Work out how many lines of the records hold the string "shows", and reply with that number alone.

*** Begin section ***

(* Suppose $\psi\in\mathcal{B}$ is pseudoconcave on a neighbourhood of $+\infty$. Then there exists a concave function $\psi_{0}:(0,\infty)\to(0,\infty)$ such that $\psi/\psi_{0}$ and $\psi_{0}/\psi$ are bounded on $(\varepsilon,\infty)$ for every $\varepsilon>0$.
   Context: $\mathcal{B}$ is the set of Borel measurable $\psi:(0,\infty)\to(0,\infty)$ bounded on each compact $[a,b]\subset(0,\infty)$ and such that $1/\psi$ is bounded on each $[r,\infty)$, $r>0$. A function $\psi:(0,\infty)\to(0,\infty)$ is pseudoconcave on $(r,\infty)$ ($r\geq0$) if there is a concave $\psi_{1}:(r,\infty)\to(0,\infty)$ with $\psi/\psi_{1}$ and $\psi_{1}/\psi$ bounded on $(r,\infty)$; it is pseudoconcave on a neighbourhood of $+\infty$ if it is pseudoconcave on $(r,\infty)$ for some sufficiently large $r$. *)

theory Defs
  imports "HOL-Analysis.Analysis"
begin

text \<open>Functions (0,inf) -> (0,inf) are represented as real => real; only values on
  {0<..} matter.\<close>

definition class_B :: "(real \<Rightarrow> real) \<Rightarrow> bool" where
  "class_B \<psi> \<longleftrightarrow>
     \<psi> \<in> borel_measurable (restrict_space borel {0<..}) \<and>
     (\<forall>x>0. \<psi> x > 0) \<and>
     (\<forall>a b. 0 < a \<longrightarrow> a \<le> b \<longrightarrow> (\<exists>C. \<forall>x\<in>{a..b}. \<psi> x \<le> C)) \<and>
     (\<forall>r>0. \<exists>C. \<forall>x\<in>{r..}. 1 / \<psi> x \<le> C)"

definition bounded_on :: "(real \<Rightarrow> real) \<Rightarrow> real set \<Rightarrow> bool" where
  "bounded_on f S \<longleftrightarrow> (\<exists>C. \<forall>x\<in>S. \<bar>f x\<bar> \<le> C)"

definition pseudoconcave_on :: "(real \<Rightarrow> real) \<Rightarrow> real \<Rightarrow> bool" where
  "pseudoconcave_on \<psi> r \<longleftrightarrow>
     (\<exists>\<psi>1. concave_on {r<..} \<psi>1 \<and> (\<forall>x>r. \<psi>1 x > 0) \<and>
          bounded_on (\<lambda>x. \<psi> x / \<psi>1 x) {r<..} \<and>
          bounded_on (\<lambda>x. \<psi>1 x / \<psi> x) {r<..})"

definition pseudoconcave_near_infinity :: "(real \<Rightarrow> real) \<Rightarrow> bool" where
  "pseudoconcave_near_infinity \<psi> \<longleftrightarrow> (\<exists>r\<ge>0. pseudoconcave_on \<psi> r)"

end

theory Submission
  imports Defs
begin

text \<open>Shift the concave comparison function: if \<open>\<psi>1\<close> is concave and positive on \<open>(r,\<infinity>)\<close>,
  then \<open>\<psi>0 x = \<psi>1 (x + r + 1)\<close> is concave and positive on \<open>(0,\<infinity>)\<close>. A positive concave
  function can neither drop by more than a factor 2 nor grow faster than linearly, so \<open>\<psi>1\<close> is
  comparable with its shifts near \<open>\<infinity>\<close>, hence \<open>\<psi>0\<close> is comparable with \<open>\<psi>\<close> there. On the
  remaining compact intervals \<open>[\<epsilon>, r + 1]\<close> the function \<open>\<psi>0\<close> is continuous and positive,
  while \<open>\<psi>\<close> is bounded above and away from zero by the definition of \<open>\<B>\<close>.\<close>

lemma bounded_on_subset: "bounded_on f T \<Longrightarrow> S \<subseteq> T \<Longrightarrow> bounded_on f S"
  unfolding bounded_on_def by blast

lemma bounded_on_Un: "bounded_on f S \<Longrightarrow> bounded_on f T \<Longrightarrow> bounded_on f (S \<union> T)"
  unfolding bounded_on_def by (metis Un_iff max.coboundedI1 max.coboundedI2)

lemma bounded_on_ratio_trans:
  assumes "bounded_on (\<lambda>x. a x / b x) S" "bounded_on (\<lambda>x. b x / c x) S"
    and "\<forall>x\<in>S. b x \<noteq> 0"
  shows "bounded_on (\<lambda>x. a x / c x) S"
proof -
  obtain C1 C2 where C1: "\<forall>x\<in>S. \<bar>a x / b x\<bar> \<le> C1" and C2: "\<forall>x\<in>S. \<bar>b x / c x\<bar> \<le> C2"
    using assms(1,2) unfolding bounded_on_def by blast
  have "\<bar>a x / c x\<bar> \<le> C1 * C2" if "x \<in> S" for x
  proof -
    have "b x \<noteq> 0" using assms(3) that by blast
    then have "a x / c x = (a x / b x) * (b x / c x)" by simp
    then have "\<bar>a x / c x\<bar> = \<bar>a x / b x\<bar> * \<bar>b x / c x\<bar>"
      by (metis abs_mult)
    also have "\<dots> \<le> C1 * C2"
    proof (rule mult_mono)
      show "\<bar>a x / b x\<bar> \<le> C1" "\<bar>b x / c x\<bar> \<le> C2"
        using C1 C2 that by blast+
      then show "0 \<le> C1" by (meson abs_ge_zero order_trans)
    qed simp
    finally show ?thesis .
  qed
  then show ?thesis unfolding bounded_on_def by blast
qed

lemma bounded_on_ratioI:
  assumes "\<And>x. x \<in> S \<Longrightarrow> 0 < b x" "\<And>x. x \<in> S \<Longrightarrow> 0 \<le> a x"
    and "\<And>x. x \<in> S \<Longrightarrow> a x \<le> K * b x"
  shows "bounded_on (\<lambda>x. a x / b x) S"
  unfolding bounded_on_def
proof (intro exI ballI)
  fix x assume "x \<in> S"
  then show "\<bar>a x / b x\<bar> \<le> K"
    using assms[of x] by (simp add: pos_divide_le_eq)
qed

lemma concave_on_shift:
  fixes f :: "real \<Rightarrow> real"
  assumes "concave_on {a<..} f"
  shows "concave_on {a - c<..} (\<lambda>x. f (x + c))"
proof (rule concave_on_linorderI)
  fix t x y :: real
  assume t: "0 < t" "t < 1" and xy: "x \<in> {a - c<..}" "y \<in> {a - c<..}"
  have "(1 - t) * f (x + c) + t * f (y + c) \<le> f ((1 - t) *\<^sub>R (x + c) + t *\<^sub>R (y + c))"
    using concave_onD[OF assms, of t "x + c" "y + c"] t xy by auto
  also have "(1 - t) *\<^sub>R (x + c) + t *\<^sub>R (y + c) = (1 - t) *\<^sub>R x + t *\<^sub>R y + c"
    by (simp add: algebra_simps)
  finally show "(1 - t) * f (x + c) + t * f (y + c) \<le> f ((1 - t) *\<^sub>R x + t *\<^sub>R y + c)" .
qed simp

lemma concave_on_continuous:
  fixes f :: "real \<Rightarrow> real"
  assumes "open S" "concave_on S f"
  shows "continuous_on S f"
proof -
  have "continuous_on S (\<lambda>x. - (- f x))"
    using assms by (intro continuous_on_minus convex_on_continuous) (auto simp: concave_on_def)
  then show ?thesis by simp
qed

lemma concave_pos_le_double_shift:
  fixes f :: "real \<Rightarrow> real"
  assumes c: "concave_on {r<..} f" and pos: "\<forall>x>r. f x > 0"
    and x: "r < x" and R: "0 \<le> R"
  shows "f x \<le> 2 * f (x + R)"
proof -
  have "(1 - 1/2) * f x + (1/2) * f (x + 2*R) \<le> f ((1 - 1/2) *\<^sub>R x + (1/2) *\<^sub>R (x + 2*R))"
    using concave_onD[OF c, of "1/2" x "x + 2*R"] x R by auto
  moreover have "(1 - 1/2) *\<^sub>R x + (1/2) *\<^sub>R (x + 2*R) = x + R"
    by (simp add: field_simps)
  moreover have "f (x + 2*R) > 0"
    using pos x R by auto
  ultimately show ?thesis by simp
qed

lemma concave_pos_shift_growth:
  fixes f :: "real \<Rightarrow> real"
  assumes c: "concave_on {r<..} f" and pos: "\<forall>x>r. f x > 0"
    and u: "r < u" "u < x" and R: "0 \<le> R"
  shows "(x - u) * f (x + R) \<le> (x + R - u) * f x"
proof -
  define t where "t = (x - u) / (x + R - u)"
  have d: "x + R - u > 0" using u R by simp
  have t: "0 \<le> t" "t \<le> 1" using u R by (auto simp: t_def field_simps)
  have "t * (x + R - u) = x - u"
    using d by (simp add: t_def)
  then have "(1 - t) *\<^sub>R u + t *\<^sub>R (x + R) = x"
    by (simp add: algebra_simps)
  then have "(1 - t) * f u + t * f (x + R) \<le> f x"
    using concave_onD[OF c, of t u "x + R"] t u R by auto
  moreover have "0 \<le> (1 - t) * f u"
    using pos u(1) t by (metis diff_ge_0_iff_ge less_imp_le mult_nonneg_nonneg)
  ultimately have "t * f (x + R) \<le> f x" by linarith
  then show ?thesis
    using d by (simp add: t_def field_simps)
qed

lemma concave_pos_comparable_shift:
  fixes f :: "real \<Rightarrow> real"
  assumes c: "concave_on {r<..} f" and pos: "\<forall>x>r. f x > 0"
    and a: "r < a" and R: "0 \<le> R"
  shows "bounded_on (\<lambda>x. f x / f (x + R)) {a..}"
    and "bounded_on (\<lambda>x. f (x + R) / f x) {a..}"
proof -
  have fpos: "0 < f x" "0 < f (x + R)" if "a \<le> x" for x
    using pos a R that by auto
  show "bounded_on (\<lambda>x. f x / f (x + R)) {a..}"
    using concave_pos_le_double_shift[OF c pos _ R] fpos a
    by (intro bounded_on_ratioI[where K = 2]) (auto simp: less_imp_le)
  define u where "u = (r + a) / 2"
  have u: "r < u" "u < a" using a by (auto simp: u_def)
  have "f (x + R) \<le> (1 + R / (a - u)) * f x" if x: "a \<le> x" for x
  proof -
    have "0 < f x" using fpos x by blast
    have "f (x + R) \<le> (x + R - u) / (x - u) * f x"
      using concave_pos_shift_growth[OF c pos _ _ R, of u x] u x
      by (simp add: field_simps)
    also have "(x + R - u) / (x - u) = 1 + R / (x - u)"
      using u x by (simp add: field_simps)
    also have "\<dots> * f x \<le> (1 + R / (a - u)) * f x"
      using u x R \<open>0 < f x\<close> by (intro mult_right_mono add_left_mono divide_left_mono) auto
    finally show ?thesis .
  qed
  then show "bounded_on (\<lambda>x. f (x + R) / f x) {a..}"
    using fpos by (intro bounded_on_ratioI) (auto simp: less_imp_le)
qed

lemma class_B_comparable_Icc:
  assumes B: "class_B \<psi>" and a: "0 < a"
    and g: "continuous_on {a..b} g" "\<forall>x\<in>{a..b}. g x > 0"
  shows "bounded_on (\<lambda>x. \<psi> x / g x) {a..b}"
    and "bounded_on (\<lambda>x. g x / \<psi> x) {a..b}"
proof -
  have \<psi>pos: "\<forall>x>0. \<psi> x > 0"
    and ub: "\<forall>a b. 0 < a \<longrightarrow> a \<le> b \<longrightarrow> (\<exists>M. \<forall>x\<in>{a..b}. \<psi> x \<le> M)"
    and lb: "\<forall>r>0. \<exists>C. \<forall>x\<in>{r..}. 1 / \<psi> x \<le> C"
    using B unfolding class_B_def by auto
  obtain M where M: "\<forall>x\<in>{a..b}. \<psi> x \<le> M"
  proof (cases "a \<le> b")
    case True
    then show ?thesis
      using ub[rule_format, OF a True] that by blast
  qed (use that in auto)
  obtain C where C: "\<forall>x\<in>{a..}. 1 / \<psi> x \<le> C"
    using lb[rule_format, OF a] by blast
  obtain G where G: "\<And>x. x \<in> {a..b} \<Longrightarrow> norm (g x) \<le> G"
    using continuous_on_compact_bound[OF compact_Icc g(1)] by blast
  have "continuous_on {a..b} (\<lambda>x. 1 / g x)"
    using g by (intro continuous_intros) auto
  then obtain H where H: "\<And>x. x \<in> {a..b} \<Longrightarrow> norm (1 / g x) \<le> H"
    using continuous_on_compact_bound[OF compact_Icc] by blast
  have pos: "0 < g x" "0 < \<psi> x" if "x \<in> {a..b}" for x
    using g(2) \<psi>pos a that by auto
  show "bounded_on (\<lambda>x. \<psi> x / g x) {a..b}"
  proof (rule bounded_on_ratioI[where K = "M * H"])
    fix x assume x: "x \<in> {a..b}"
    have "\<psi> x \<le> M" using M x by blast
    then have "\<psi> x * (1 / g x) \<le> M * (1 / g x)"
      using pos[OF x] by (intro mult_right_mono) auto
    also have "\<dots> \<le> M * H"
      using H[OF x] pos[OF x] \<open>\<psi> x \<le> M\<close> by (intro mult_left_mono) auto
    finally show "\<psi> x \<le> M * H * g x"
      using pos[OF x] by (simp add: field_simps)
  qed (use pos in \<open>auto simp: less_imp_le\<close>)
  show "bounded_on (\<lambda>x. g x / \<psi> x) {a..b}"
  proof (rule bounded_on_ratioI[where K = "G * C"])
    fix x assume x: "x \<in> {a..b}"
    have "g x * (1 / \<psi> x) \<le> G * (1 / \<psi> x)"
      using G[OF x] pos[OF x] by (intro mult_right_mono) auto
    also have "\<dots> \<le> G * C"
      using C G[OF x] pos[OF x] x by (intro mult_left_mono) auto
    finally show "g x \<le> G * C * \<psi> x"
      using pos[OF x] by (simp add: field_simps)
  qed (use pos in \<open>auto simp: less_imp_le\<close>)
qed

lemma pseudoconcave_comparable_shift:
  fixes f :: "real \<Rightarrow> real"
  assumes c: "concave_on {r<..} f" and fpos: "\<forall>x>r. f x > 0"
    and \<psi>f: "bounded_on (\<lambda>x. \<psi> x / f x) {r<..}" and f\<psi>: "bounded_on (\<lambda>x. f x / \<psi> x) {r<..}"
    and a: "r < a" and R: "0 \<le> R"
  shows "bounded_on (\<lambda>x. \<psi> x / f (x + R)) {a..}"
    and "bounded_on (\<lambda>x. f (x + R) / \<psi> x) {a..}"
proof -
  have sub: "{a..} \<subseteq> {r<..}"
    using a by auto
  then have nonzero: "\<forall>x\<in>{a..}. f x \<noteq> 0"
    using fpos by force
  then show "bounded_on (\<lambda>x. \<psi> x / f (x + R)) {a..}"
    by (rule bounded_on_ratio_trans[OF bounded_on_subset[OF \<psi>f sub]
          concave_pos_comparable_shift(1)[OF c fpos a R]])
  from nonzero show "bounded_on (\<lambda>x. f (x + R) / \<psi> x) {a..}"
    by (rule bounded_on_ratio_trans[OF concave_pos_comparable_shift(2)[OF c fpos a R]
          bounded_on_subset[OF f\<psi> sub]])
qed

lemma class_B_comparable_Ioi:
  assumes B: "class_B \<psi>" and \<epsilon>: "0 < \<epsilon>"
    and g: "continuous_on {0<..} g" "\<forall>x>0. g x > 0"
    and \<psi>g: "bounded_on (\<lambda>x. \<psi> x / g x) {a..}" and g\<psi>: "bounded_on (\<lambda>x. g x / \<psi> x) {a..}"
  shows "bounded_on (\<lambda>x. \<psi> x / g x) {\<epsilon><..}"
    and "bounded_on (\<lambda>x. g x / \<psi> x) {\<epsilon><..}"
proof -
  have "continuous_on {\<epsilon>..a} g"
    by (rule continuous_on_subset[OF g(1)]) (use \<epsilon> in auto)
  then have near: "bounded_on (\<lambda>x. \<psi> x / g x) {\<epsilon>..a}" "bounded_on (\<lambda>x. g x / \<psi> x) {\<epsilon>..a}"
    using class_B_comparable_Icc[OF B \<epsilon>] g(2) \<epsilon> by auto
  have cover: "{\<epsilon><..} \<subseteq> {\<epsilon>..a} \<union> {a..}" by auto
  show "bounded_on (\<lambda>x. \<psi> x / g x) {\<epsilon><..}"
    using bounded_on_subset[OF bounded_on_Un[OF near(1) \<psi>g] cover] .
  show "bounded_on (\<lambda>x. g x / \<psi> x) {\<epsilon><..}"
    using bounded_on_subset[OF bounded_on_Un[OF near(2) g\<psi>] cover] .
qed

theorem proposition4:
  fixes \<psi> :: "real \<Rightarrow> real"
  assumes "class_B \<psi>"
    and "pseudoconcave_near_infinity \<psi>"
  shows "\<exists>\<psi>0. concave_on {0<..} \<psi>0 \<and> (\<forall>x>0. \<psi>0 x > 0) \<and>
           (\<forall>\<epsilon>>0. bounded_on (\<lambda>x. \<psi> x / \<psi>0 x) {\<epsilon><..} \<and>
                   bounded_on (\<lambda>x. \<psi>0 x / \<psi> x) {\<epsilon><..})"
proof -
  obtain r f where r: "r \<ge> 0" and c: "concave_on {r<..} f" and fpos: "\<forall>x>r. f x > 0"
    and \<psi>f: "bounded_on (\<lambda>x. \<psi> x / f x) {r<..}" and f\<psi>: "bounded_on (\<lambda>x. f x / \<psi> x) {r<..}"
    using assms(2) unfolding pseudoconcave_near_infinity_def pseudoconcave_on_def by blast
  define a where "a = r + 1"
  define g where "g = (\<lambda>x. f (x + a))"
  have "concave_on {-1<..} g"
    using concave_on_shift[OF c, of a] by (simp add: g_def a_def)
  then have g_concave: "concave_on {0<..} g"
    unfolding concave_on_def by (rule convex_on_subset) auto
  have gpos: "\<forall>x>0. g x > 0"
    using fpos r by (simp add: g_def a_def)
  have "r < a" "0 \<le> a"
    using r by (auto simp: a_def)
  then have far: "bounded_on (\<lambda>x. \<psi> x / g x) {a..}" "bounded_on (\<lambda>x. g x / \<psi> x) {a..}"
    unfolding g_def using pseudoconcave_comparable_shift[OF c fpos \<psi>f f\<psi>] by blast+
  show ?thesis
    using class_B_comparable_Ioi[OF assms(1) _ concave_on_continuous[OF open_greaterThan g_concave] gpos far]
      g_concave gpos by blast
qed

end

*** End section ***

▶ [Task solution]:
11